Abstract:Two central paradigms have emerged in the reinforcement learning (RL) community: online RL and offline RL. In the online RL setting, the agent has no prior knowledge of the environment, and must interact with it in order to find an $\epsilon$-optimal policy. In the offline RL setting, the learner instead has access to a fixed dataset to learn from, but is unable to otherwise interact with the environment, and must obtain the best policy it can from this offline data.

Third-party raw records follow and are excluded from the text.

lemma wedge_same_set:
  assumes "distinct ws" "distinct ws'" "set ws = set ws'"
  shows "signed (wedge_list ws) (wedge_list ws')"
proof -
  have ind: "e_indices ws = e_indices ws'" "f_indices ws = f_indices ws'"
    using assms(3) by (auto simp: e_indices_def f_indices_def)
  let ?k = "inversions ws + inversions ws'"
  have "(-1::complex) ^ inversions ws = (-1) ^ ?k * (-1) ^ inversions ws'"
    by (simp add: power_add mult.assoc neg_one_power_square)
  then have "wedge_list ws = (\<lambda>S. of_int ((-1) ^ ?k) * wedge_list ws' S)"
    using assms by (simp add: wedge_distinct ind mult.assoc)
  moreover have "(-1::int) ^ ?k \<in> {1, -1}" by (cases "even ?k") auto
  ultimately show ?thesis unfolding signed_def by blast
qed

lemma signed_termwise:
  assumes "\<And>R. R \<in> P \<Longrightarrow> signed (f R) (g R)"
  shows "\<exists>\<epsilon>::'a \<Rightarrow> int. (\<forall>R\<in>P. \<epsilon> R \<in> {1, -1}) \<and>
           (\<forall>S. (\<Sum>R\<in>P. f R S) = (\<Sum>R\<in>P. of_int (\<epsilon> R) * g R S))"
proof -
  from assms have "\<forall>R\<in>P. \<exists>\<sigma>::int. \<sigma> \<in> {1, -1} \<and> f R = (\<lambda>S. of_int \<sigma> * g R S)"
    by (simp add: signed_def)
  then obtain \<epsilon> where \<epsilon>: "\<forall>R\<in>P. \<epsilon> R \<in> {1, -1} \<and> f R = (\<lambda>S. of_int (\<epsilon> R) * g R S)"
    by metis
  then have "(\<Sum>R\<in>P. f R S) = (\<Sum>R\<in>P. of_int (\<epsilon> R) * g R S)" for S
    by (intro sum.cong) auto
  with \<epsilon> show ?thesis by blast
qed


section \<open>Exterior multiplication, contraction and psi on wedges\<close>

lemma kernel_on_monomial:
  assumes "(A, B) \<in> idx N"
  shows "(\<lambda>S. \<Sum>T\<in>idx N. c * Defs.mono A B T * K T S) = (\<lambda>S. c * K (A, B) S)"
proof
  fix S
  have "(\<Sum>T\<in>idx N. c * Defs.mono A B T * K T S) = (\<Sum>T\<in>idx N. if T = (A, B) then c * K T S else 0)"
    by (rule sum.cong) (auto simp: Defs.mono_def)
  then show "(\<Sum>T\<in>idx N. c * Defs.mono A B T * K T S) = c * K (A, B) S"
    using assms by simp
qed

lemma ext_op_monomial:
  "(A, B) \<in> idx N \<Longrightarrow> ext_op N g (\<lambda>S. c * Defs.mono A B S) = (\<lambda>S. c * wedge_list (g # gens A B) S)"
  using kernel_on_monomial[of A B N c "\<lambda>T. wedge_list (g # gens (fst T) (snd T))"]
  by (simp add: ext_op_def)

lemma contr_op_monomial:
  "(A, B) \<in> idx N \<Longrightarrow> contr_op N g (\<lambda>S. c * Defs.mono A B S) = (\<lambda>S. c * contr_word g (gens A B) S)"
  using kernel_on_monomial[of A B N c "\<lambda>T. contr_word g (gens (fst T) (snd T))"]
  by (simp add: contr_op_def)

lemma ext_op_scale: "ext_op N g (\<lambda>S. c * x S) = (\<lambda>S. c * ext_op N g x S)"
  by (simp add: ext_op_def sum_distrib_left mult.assoc)

lemma contr_op_scale: "contr_op N g (\<lambda>S. c * x S) = (\<lambda>S. c * contr_op N g x S)"
  by (simp add: contr_op_def sum_distrib_left mult.assoc)

lemma psi_scale: "psi N g (\<lambda>S. c * x S) = (\<lambda>S. c * psi N g x S)"
  by (simp add: psi_def ext_op_scale contr_op_scale distrib_left)

lemma psi_sum: "psi N g (\<lambda>S. \<Sum>i\<in>K. f i S) = (\<lambda>S. \<Sum>i\<in>K. psi N g (f i) S)"
  by (simp add: psi_def ext_op_def contr_op_def sum_distrib_right sum.distrib sum.swap[of _ K])

lemma ext_op_wedge:
  assumes "in_range N ws"
  shows "ext_op N g (wedge_list ws) = wedge_list (g # ws)"
proof (cases "distinct ws")
  case True
  let ?xs = "gens (e_indices ws) (f_indices ws)"
  have fin: "finite (e_indices ws)" "finite (f_indices ws)"
    using idx_finite[OF in_range_idx[OF assms]] by auto
  have sg: "set ?xs = set ws" using set_gens_indices[OF assms] .
  have "ext_op N g (wedge_list ws) = (\<lambda>S. (-1) ^ inversions ws * wedge_list (g # ?xs) S)"
    using True by (simp add: wedge_distinct ext_op_monomial in_range_idx[OF assms])
  also have "\<dots> = wedge_list (g # ws)"
  proof (cases "g \<in> set ws")
    case True
    then show ?thesis using sg by (simp add: wedge_nondistinct)
  next
    case False
    have d: "distinct (g # ?xs)" "distinct (g # ws)"
      using False sg gens_distinct[OF fin] \<open>distinct ws\<close> by simp_all
    have ind: "e_indices (g # ?xs) = e_indices (g # ws)" "f_indices (g # ?xs) = f_indices (g # ws)"
      using sg by (auto simp: e_indices_def f_indices_def)
    have "smaller_count g ?xs = smaller_count g ws"
      using smaller_count_set_eq[OF gens_distinct[OF fin] \<open>distinct ws\<close> sg] .
    then show ?thesis using d
      by (simp add: wedge_distinct ind inversions_Cons inversions_sorted[OF gens_sorted] power_add mult_ac)
  qed
  finally show ?thesis .
qed (simp add: wedge_nondistinct ext_op_def)

lemma contr_op_unpaired:
  assumes "in_range N ws" "\<forall>x\<in>set ws. q g x = 0"
  shows "contr_op N g (wedge_list ws) = (\<lambda>S. 0)"
proof (cases "distinct ws")
  case True
  let ?xs = "gens (e_indices ws) (f_indices ws)"
  have "\<forall>j<length ?xs. q g (?xs ! j) = 0"
    using assms(2) set_gens_indices[OF assms(1)] nth_mem by metis
  then show ?thesis
    using True by (simp add: wedge_distinct contr_op_monomial in_range_idx[OF assms(1)] contr_word_def)
qed (simp add: wedge_nondistinct contr_op_def)

lemma delete_nth:
  assumes "distinct xs" "sorted_wrt gless xs" "p < length xs"
  shows "distinct (take p xs @ drop (Suc p) xs)" "sorted_wrt gless (take p xs @ drop (Suc p) xs)"
        "set (take p xs @ drop (Suc p) xs) = set xs - {xs ! p}"
proof -
  have xs: "xs = take p xs @ xs ! p # drop (Suc p) xs" using assms(3) by (simp add: id_take_nth_drop)
  have d: "distinct (take p xs @ xs ! p # drop (Suc p) xs)" using assms(1) xs by simp
  have s: "sorted_wrt gless (take p xs @ xs ! p # drop (Suc p) xs)" using assms(2) xs by simp
  show "distinct (take p xs @ drop (Suc p) xs)" using d by auto
  show "sorted_wrt gless (take p xs @ drop (Suc p) xs)" using s by (auto simp: sorted_wrt_append)
  have "set xs = set (take p xs) \<union> {xs ! p} \<union> set (drop (Suc p) xs)"
    by (subst xs) auto
  then show "set (take p xs @ drop (Suc p) xs) = set xs - {xs ! p}" using d by auto
qed

lemma contr_word_single:
  assumes "distinct xs" "sorted_wrt gless xs" "p < length xs" "xs ! p = h"
    and "\<forall>x\<in>set xs - {h}. q g x = 0"
  shows "contr_word g xs S = (-1) ^ p * q g h *
           Defs.mono (e_indices (take p xs @ drop (Suc p) xs)) (f_indices (take p xs @ drop (Suc p) xs)) S"
proof -
  let ?del = "\<lambda>j. take j xs @ drop (Suc j) xs"
  have "contr_word g xs S = (\<Sum>j<length xs. if j = p then (-1) ^ j * q g (xs ! j) * wedge_list (?del j) S else 0)"
    unfolding contr_word_def
  proof (rule sum.cong[OF refl])
    fix j assume j: "j \<in> {..<length xs}"
    show "(-1) ^ j * q g (xs ! j) * wedge_list (?del j) S =
          (if j = p then (-1) ^ j * q g (xs ! j) * wedge_list (?del j) S else 0)"
    proof (cases "j = p")
      case False
      then have "xs ! j \<noteq> h" using assms(1,3,4) j nth_eq_iff_index_eq by fastforce
      then show ?thesis using False assms(5) j by simp
    qed simp
  qed
  also have "\<dots> = (-1) ^ p * q g h * wedge_list (?del p) S" using assms(3,4) by simp
  finally show ?thesis
    using delete_nth[OF assms(1-3)] inversions_sorted by (simp add: wedge_distinct)
qed

lemma contr_op_head:
  assumes "in_range N (h # v)" "\<forall>x\<in>set v. q g x = 0"
  shows "contr_op N g (wedge_list (h # v)) = (\<lambda>S. q g h * wedge_list v S)"
proof (cases "distinct (h # v)")
  case False
  have "q g h * wedge_list v S = 0" for S
  proof (cases "distinct v")
    case True with False have "h \<in> set v" by simp
    with assms(2) show ?thesis by simp
  qed (simp add: wedge_nondistinct)
  with False show ?thesis by (simp add: wedge_nondistinct contr_op_def fun_eq_iff)
next
  case True
  let ?xs = "gens (e_indices (h # v)) (f_indices (h # v))"
  have fin: "finite (e_indices (h # v))" "finite (f_indices (h # v))"
    using idx_finite[OF in_range_idx[OF assms(1)]] by auto
  have sg: "set ?xs = set (h # v)" using set_gens_indices[OF assms(1)] .
  have dxs: "distinct ?xs" using gens_distinct[OF fin] .
  obtain p where p: "p < length ?xs" "?xs ! p = h"
    using sg by (metis in_set_conv_nth list.set_intros(1))
  have "p = smaller_count h (h # v)"
    using smaller_count_nth[OF gens_sorted p(1)] p(2) smaller_count_set_eq[OF dxs True sg] by simp
  then have pc: "p = smaller_count h v" by (simp add: smaller_count_def)
  have del: "set (take p ?xs @ drop (Suc p) ?xs) = set v"
    using delete_nth(3)[OF dxs gens_sorted p(1)] sg p(2) True by auto
  then have ind: "e_indices (take p ?xs @ drop (Suc p) ?xs) = e_indices v"
    "f_indices (take p ?xs @ drop (Suc p) ?xs) = f_indices v"
    by (auto simp: e_indices_def f_indices_def)
  have cw: "contr_word g ?xs S = (-1) ^ p * q g h * Defs.mono (e_indices v) (f_indices v) S" for S
    using contr_word_single[OF dxs gens_sorted p] assms(2) sg by (simp add: ind)
  have "contr_op N g (wedge_list (h # v)) S = q g h * wedge_list v S" for S
  proof -
    have "contr_op N g (wedge_list (h # v)) S = (-1) ^ inversions (h # v) * contr_word g ?xs S"
      using True by (simp add: wedge_distinct contr_op_monomial in_range_idx[OF assms(1)])
    also have "\<dots> = ((-1) ^ p * (-1) ^ p) * ((-1) ^ inversions v * q g h * Defs.mono (e_indices v) (f_indices v) S)"
      by (simp add: cw inversions_Cons pc power_add)
    finally show ?thesis using True by (simp add: neg_one_power_square wedge_distinct)
  qed
  then show ?thesis by blast
qed

lemma psi_wedge_unpaired:
  assumes "in_range N (U @ b @ V)" "\<forall>x\<in>set (U @ b @ V). q g x = 0"
  shows "psi N g (wedge_list (U @ b @ V)) = (\<lambda>S. (-1) ^ length U * wedge_list (U @ (g # b) @ V) S)"
proof
  fix S
  have "ext_op N g (wedge_list (U @ b @ V)) S = wedge_list ([] @ g # U @ (b @ V)) S"
    using ext_op_wedge[OF assms(1)] by simp
  also have "\<dots> = (-1) ^ length U * wedge_list (U @ (g # b) @ V) S"
    by (subst wedge_move) simp
  finally show "psi N g (wedge_list (U @ b @ V)) S = (-1) ^ length U * wedge_list (U @ (g # b) @ V) S"
    by (simp add: psi_def contr_op_unpaired[OF assms])
qed

lemma psi_wedge_paired:
  assumes "in_range N (U @ h # b' @ V)" "\<forall>x\<in>set U \<union> set b' \<union> set V. q g x = 0"
  shows "psi N g (wedge_list (U @ h # b' @ V)) =
    (\<lambda>S. (-1) ^ length U * (wedge_list (U @ g # h # b' @ V) S + q g h * wedge_list (U @ b' @ V) S))"
proof
  fix S
  have ext: "ext_op N g (wedge_list (U @ h # b' @ V)) S = (-1) ^ length U * wedge_list (U @ g # h # b' @ V) S"
    using ext_op_wedge[OF assms(1)] wedge_move[of "[]" g U "h # b' @ V"] by simp
  have "wedge_list (U @ h # b' @ V) T = (-1) ^ length U * wedge_list (h # U @ b' @ V) T" for T
    using wedge_move[of "[]" h U "b' @ V" T] by (simp add: mult.assoc[symmetric] neg_one_power_square)
  then have "wedge_list (U @ h # b' @ V) = (\<lambda>S. (-1) ^ length U * wedge_list (h # U @ b' @ V) S)"
    by blast
  moreover have "in_range N (h # U @ b' @ V)" using assms(1) by (auto simp: in_range_def)
  ultimately have "contr_op N g (wedge_list (U @ h # b' @ V)) S = (-1) ^ length U * (q g h * wedge_list (U @ b' @ V) S)"
    using contr_op_head[of N h "U @ b' @ V" g] assms(2) by (simp add: contr_op_scale)
  with ext show "psi N g (wedge_list (U @ h # b' @ V)) S =
      (-1) ^ length U * (wedge_list (U @ g # h # b' @ V) S + q g h * wedge_list (U @ b' @ V) S)"
    by (simp add: psi_def distrib_left)
qed

lemma theta_isotropic:
  "in_range N ws \<Longrightarrow> (\<forall>x\<in>set ws. \<forall>y\<in>set ws. q x y = 0) \<Longrightarrow>
   foldr (psi N) ws (Defs.mono {} {}) = wedge_list ws"
proof (induction ws)
  case Nil
  show ?case by (simp add: wedge_distinct e_indices_def f_indices_def)
next
  case (Cons g ws)
  have ws: "in_range N ws" using Cons.prems(1) by (simp add: in_range_def)
  then have "foldr (psi N) (g # ws) (Defs.mono {} {}) = psi N g (wedge_list ws)"
    using Cons by simp
  also have "\<dots> = wedge_list (g # ws)"
    using psi_wedge_unpaired[of N "[]" ws "[]" g] ws Cons.prems(2) by simp
  finally show ?case .
qed

lemma psi_signed_sum:
  assumes "signed X (\<lambda>S. c * (\<Sum>T\<in>P. w T S))"
    and "\<And>T. T \<in> P \<Longrightarrow> psi N g (w T) = (\<lambda>S. (-1) ^ l * v T S)"
  shows "signed (psi N g X) (\<lambda>S. c * (\<Sum>T\<in>P. v T S))"
proof -
  obtain \<sigma> :: int where \<sigma>: "\<sigma> \<in> {1, -1}" and X: "X = (\<lambda>S. of_int \<sigma> * (c * (\<Sum>T\<in>P. w T S)))"
    using assms(1) by (auto simp: signed_def)
  have "psi N g X S = of_int (\<sigma> * (-1) ^ l) * (c * (\<Sum>T\<in>P. v T S))" for S
    using assms(2)
    by (simp add: X psi_scale psi_sum sum_distrib_left[symmetric] mult.left_commute)
  moreover have "\<sigma> * (-1) ^ l \<in> {1, -1}" using \<sigma> by (cases "even l") auto
  ultimately show ?thesis unfolding signed_def by blast
qed


section \<open>Block words\<close>

definition block_word :: "nat \<Rightarrow> (nat \<Rightarrow> gen list) \<Rightarrow> gen list" where
  "block_word N blk = concat (map blk [1..<Suc N])"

Practical scenarios often motivate an intermediate setting: if we have some set of offline data and, in addition, may also interact with the environment, how can we best use the offline data to minimize the number of online interactions necessary to learn an $\epsilon$-optimal policy? In this work, we consider this setting, which we call the \textsf{FineTuneRL} setting, for MDPs with linear structure. We characterize the necessary number of online samples needed in this setting given access to some offline dataset, and develop an algorithm, \textsc{FTPedel}, which is provably optimal. We show through an explicit example that combining offline data with online interactions can lead to a provable improvement over either purely offline or purely online RL. Finally, our results illustrate the distinction between \emph{verifiable} learning, the typical setting considered in online RL, and \emph{unverifiable} learning, the setting often considered in offline RL, and show that there is a formal separation between these regimes.